▸ **ASSIGNMENT**
Take the data below and copy exactly the lines starting at the one with "i, cyc ! ((i" and finishing at the one with "F \<longleftrightarrow> (\<exists>F'.", both included.

(Collected data)
(* Let $n\ge 2$, let $\mathcal{L}\subset\mathbb{R}^n$ be a tame lattice with Lagrangian basis $\{\mathbf{e}_1,\dots,\mathbf{e}_n\}$, $\mathbf{v}_1=\sum_i\mathbf{e}_i$, $a:=\langle\mathbf{e}_1,\mathbf{e}_1\rangle$, $h:=-\langle\mathbf{e}_1,\mathbf{e}_2\rangle$. Let $r,s$ be integers with $0\ne|r|<n$, $m=r+sn$, and suppose $$\frac{na-1}{n^2-1}\le\left(\frac{m}{r}\right)^2\le\frac{(na-1)(n+1)}{n-1}.$$ Then $$\frac{1}{2^n}\le\delta(\mathcal{L}_{\mathbf{v}_1}^{(r,s)})\le\frac{1}{2^{n/2}\sqrt{n+1}},$$ i.e. $\delta(\mathbb{Z}^n)\le\delta(\mathcal{L}_{\mathbf{v}_1}^{(r,s)})\le\delta(A_n)$. The lower bound is attained when $(m/r)^2=\frac{na-1}{n-1}$ and the upper bound is attained when $(m/r)^2=\frac{(na-1)(n+1)}{n-1}$.
   Context: Tame lattice: a full-rank lattice $\mathcal{L}\subset\mathbb{R}^n$ with a basis $\{\mathbf{e}_1,\dots,\mathbf{e}_n\}$ (Lagrangian basis) and nonzero $\mathbf{v}_1\in\mathcal{L}\cap\mathcal{L}^*$ such that $\sum_i\mathbf{e}_i=\mathbf{v}_1$, $\langle\mathbf{e}_i,\mathbf{v}_1\rangle=1$, $\langle\mathbf{e}_i,\mathbf{e}_i\rangle=a$, $\langle\mathbf{e}_i,\mathbf{e}_j\rangle=-h$ ($i\ne j$); then $a-h(n-1)=1$. $\mathcal{L}^{(r,s)}_{\mathbf{v}_1}$ is the image of $\mathcal{L}$ under $\mathbf{x}\mapsto r\mathbf{x}+s\langle\mathbf{x},\mathbf{v}_1\rangle\mathbf{v}_1$. Center density: $\delta(\Lambda)=\lambda_1(\Lambda)^n/(2^n\operatorname{vol}(\Lambda))$. $A_n=\{\mathbf{x}\in\mathbb{Z}^{n+1}:\sum_i x_i=0\}$, a rank-$n$ lattice with $\delta(A_n)=2^{-n/2}(n+1)^{-1/2}$; $\delta(\mathbb{Z}^n)=2^{-n}$. *)

theory Defs
  imports "HOL-Analysis.Analysis"
begin

definition lattice_gen :: "('n::finite \<Rightarrow> real^'n) \<Rightarrow> (real^'n) set" where
  "lattice_gen B = {\<Sum>i\<in>UNIV. of_int (k i) *\<^sub>R B i | k. True}"

definition is_lattice_basis :: "('n::finite \<Rightarrow> real^'n) \<Rightarrow> bool" where
  "is_lattice_basis B \<longleftrightarrow> inj B \<and> independent (range B)"

definition is_full_lattice :: "(real^'n::finite) set \<Rightarrow> bool" where
  "is_full_lattice L \<longleftrightarrow> (\<exists>B. is_lattice_basis B \<and> lattice_gen B = L)"

definition dual_lattice :: "(real^'n::finite) set \<Rightarrow> (real^'n) set" where
  "dual_lattice L = {y. \<forall>x\<in>L. x \<bullet> y \<in> \<int>}"

definition covol :: "(real^'n::finite) set \<Rightarrow> real" where
  "covol L = \<bar>det (\<chi> i. (SOME B. is_lattice_basis B \<and> lattice_gen B = L) i)\<bar>"

definition lambda1 :: "(real^'n::finite) set \<Rightarrow> real" where
  "lambda1 L = Inf {norm x | x. x \<in> L \<and> x \<noteq> 0}"

definition center_density :: "(real^'n::finite) set \<Rightarrow> real" where
  "center_density L = lambda1 L ^ CARD('n) / (2 ^ CARD('n) * covol L)"

definition tame_basis :: "('n::finite \<Rightarrow> real^'n) \<Rightarrow> real \<Rightarrow> real \<Rightarrow> bool" where
  "tame_basis e a h \<longleftrightarrow>
     is_lattice_basis e \<and>
     (let v1 = (\<Sum>i\<in>UNIV. e i) in
        v1 \<noteq> 0 \<and> v1 \<in> lattice_gen e \<and> v1 \<in> dual_lattice (lattice_gen e) \<and>
        (\<forall>i. e i \<bullet> v1 = 1) \<and>
        (\<forall>i. e i \<bullet> e i = a) \<and> (\<forall>i j. i \<noteq> j \<longrightarrow> e i \<bullet> e j = - h))"
(* Let $n\ge 3$, let $F$ be a set of edges of $Q_n$, and let $T$ be a proper subset of the vertex set of $Q_n$ with $|T|\ge 3$ and $|T|_0\ge|T|_1$, such that every edge of $Q_n$ joining a vertex of parity 0 in $T$ to a vertex outside $T$ belongs to $F$. Suppose $T$ is partitioned into two sets $T_1,T_2$, each inducing a connected subgraph of $Q_n$ and each balanced ($|T_j|_0=|T_j|_1$ for $j=1,2$), and suppose there are adjacent vertices $v_1\in T_1$, $v_2\in T_2$ such that every path in the subgraph induced by $T$ from $v_1$ to $v_2$ uses the edge $(v_1,v_2)$. Then $F$ is not minimal.
   Context: $Q_n$ is the $n$-dimensional hypercube on the binary strings of length $n$, two strings adjacent iff they differ in exactly one bit. The parity of a vertex is the number of ones in its label modulo 2. For a set $T$ of vertices, $|T|_0$ and $|T|_1$ denote the numbers of vertices of parity 0 and parity 1 in $T$. $F$ is a set of "faulty" edges; $Q_n-F$ is the graph with all vertices of $Q_n$ and the edges of $Q_n$ not in $F$. "$F$ is not minimal" means that there is a proper subset $F'\subsetneq F$ such that $Q_n-F'$ has no Hamiltonian cycle. *)

theory Defs
  imports Main
begin

text \<open>Vertices of Q_n: binary strings of length n, encoded as bool lists (True = 1).\<close>

definition hverts :: "nat \<Rightarrow> bool list set" where
  "hverts n = {xs. length xs = n}"

definition hadj :: "bool list \<Rightarrow> bool list \<Rightarrow> bool" where
  "hadj u v \<longleftrightarrow> length u = length v \<and> card {i. i < length u \<and> u ! i \<noteq> v ! i} = 1"

definition hedges :: "nat \<Rightarrow> bool list set set" where
  "hedges n = {{u, v} | u v. u \<in> hverts n \<and> v \<in> hverts n \<and> hadj u v}"

definition parity :: "bool list \<Rightarrow> nat" where
  "parity u = count_list u True mod 2"

definition card0 :: "bool list set \<Rightarrow> nat" where
  "card0 T = card {u \<in> T. parity u = 0}"

definition card1 :: "bool list set \<Rightarrow> nat" where
  "card1 T = card {u \<in> T. parity u = 1}"

definition ham_cycle :: "nat \<Rightarrow> bool list set set \<Rightarrow> bool list list \<Rightarrow> bool" where
  "ham_cycle n F cyc \<longleftrightarrow>
     distinct cyc \<and> set cyc = hverts n \<and> length cyc \<ge> 3 \<and>
     (\<forall>i < length cyc. hadj (cyc ! i) (cyc ! ((i + 1) mod length cyc)) \<and>
                       {cyc ! i, cyc ! ((i + 1) mod length cyc)} \<notin> F)"

definition has_ham_cycle :: "nat \<Rightarrow> bool list set set \<Rightarrow> bool" where
  "has_ham_cycle n F \<longleftrightarrow> (\<exists>cyc. ham_cycle n F cyc)"

definition not_minimal :: "nat \<Rightarrow> bool list set set \<Rightarrow> bool" where
  "not_minimal n F \<longleftrightarrow> (\<exists>F'. F' \<subset> F \<and> \<not> has_ham_cycle n F')"

definition ipath :: "bool list set \<Rightarrow> bool list list \<Rightarrow> bool" where
  "ipath S p \<longleftrightarrow> p \<noteq> [] \<and> distinct p \<and> set p \<subseteq> S \<and>
     (\<forall>i. Suc i < length p \<longrightarrow> hadj (p ! i) (p ! Suc i))"

definition uses_edge :: "bool list list \<Rightarrow> bool list \<Rightarrow> bool list \<Rightarrow> bool" where
  "uses_edge p a b \<longleftrightarrow> (\<exists>i. Suc i < length p \<and> {p ! i, p ! Suc i} = {a, b})"

definition induces_connected :: "bool list set \<Rightarrow> bool" where
  "induces_connected S \<longleftrightarrow> S \<noteq> {} \<and>
     (\<forall>u\<in>S. \<forall>v\<in>S. \<exists>p. ipath S p \<and> hd p = u \<and> last p = v)"

end

theory Submission
  imports Defs
begin

text \<open>Since every \<open>T\<close>-path from \<open>v\<^sub>1\<close> to \<open>v\<^sub>2\<close> uses the edge \<open>v\<^sub>1v\<^sub>2\<close>,
  this edge is the only one between \<open>T\<^sub>1\<close> and \<open>T\<^sub>2\<close>. Let \<open>A\<close> be the part whose
  endpoint \<open>a\<close> of this edge is even and \<open>B\<close> the other one, with odd endpoint \<open>b\<close>.
  Let \<open>F'\<close> consist of the edges of \<open>F\<close> leaving \<open>B\<close> at an even vertex. A Hamiltonian
  cycle of \<open>Q\<^sub>n - F'\<close> cannot exist: both cycle neighbours of an even vertex of \<open>B\<close>
  would be odd vertices of \<open>B\<close>, and as \<open>B\<close> is balanced this closes \<open>B\<close> under the
  cycle, so \<open>B\<close> would contain all vertices. Finally \<open>F' \<noteq> F\<close>: counting the edges between
  even and odd vertices of the balanced set \<open>A\<close> shows, for \<open>n \<ge> 3\<close>, that some even
  vertex of \<open>A\<close> has a neighbour outside \<open>T\<close>, and that edge lies in \<open>F\<close> but not in \<open>F'\<close>.\<close>

definition flip :: "bool list \<Rightarrow> nat \<Rightarrow> bool list" where
  "flip u i = u[i := \<not> u ! i]"

lemma length_flip [simp]: "length (flip u i) = length u"
  by (simp add: flip_def)

lemma flip_flip [simp]: "flip (flip u i) i = u"
  by (cases "i < length u") (auto simp: flip_def intro!: nth_equalityI simp: nth_list_update)

lemma flip_commute: "flip (flip u i) j = flip (flip u j) i"
  by (cases "i = j") (auto simp: flip_def list_update_swap)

▸ **ANSWER BOX**
                       {cyc ! i, cyc ! ((i + 1) mod length cyc)} \<notin> F)"

definition has_ham_cycle :: "nat \<Rightarrow> bool list set set \<Rightarrow> bool" where
  "has_ham_cycle n F \<longleftrightarrow> (\<exists>cyc. ham_cycle n F cyc)"

definition not_minimal :: "nat \<Rightarrow> bool list set set \<Rightarrow> bool" where
  "not_minimal n F \<longleftrightarrow> (\<exists>F'. F' \<subset> F \<and> \<not> has_ham_cycle n F')"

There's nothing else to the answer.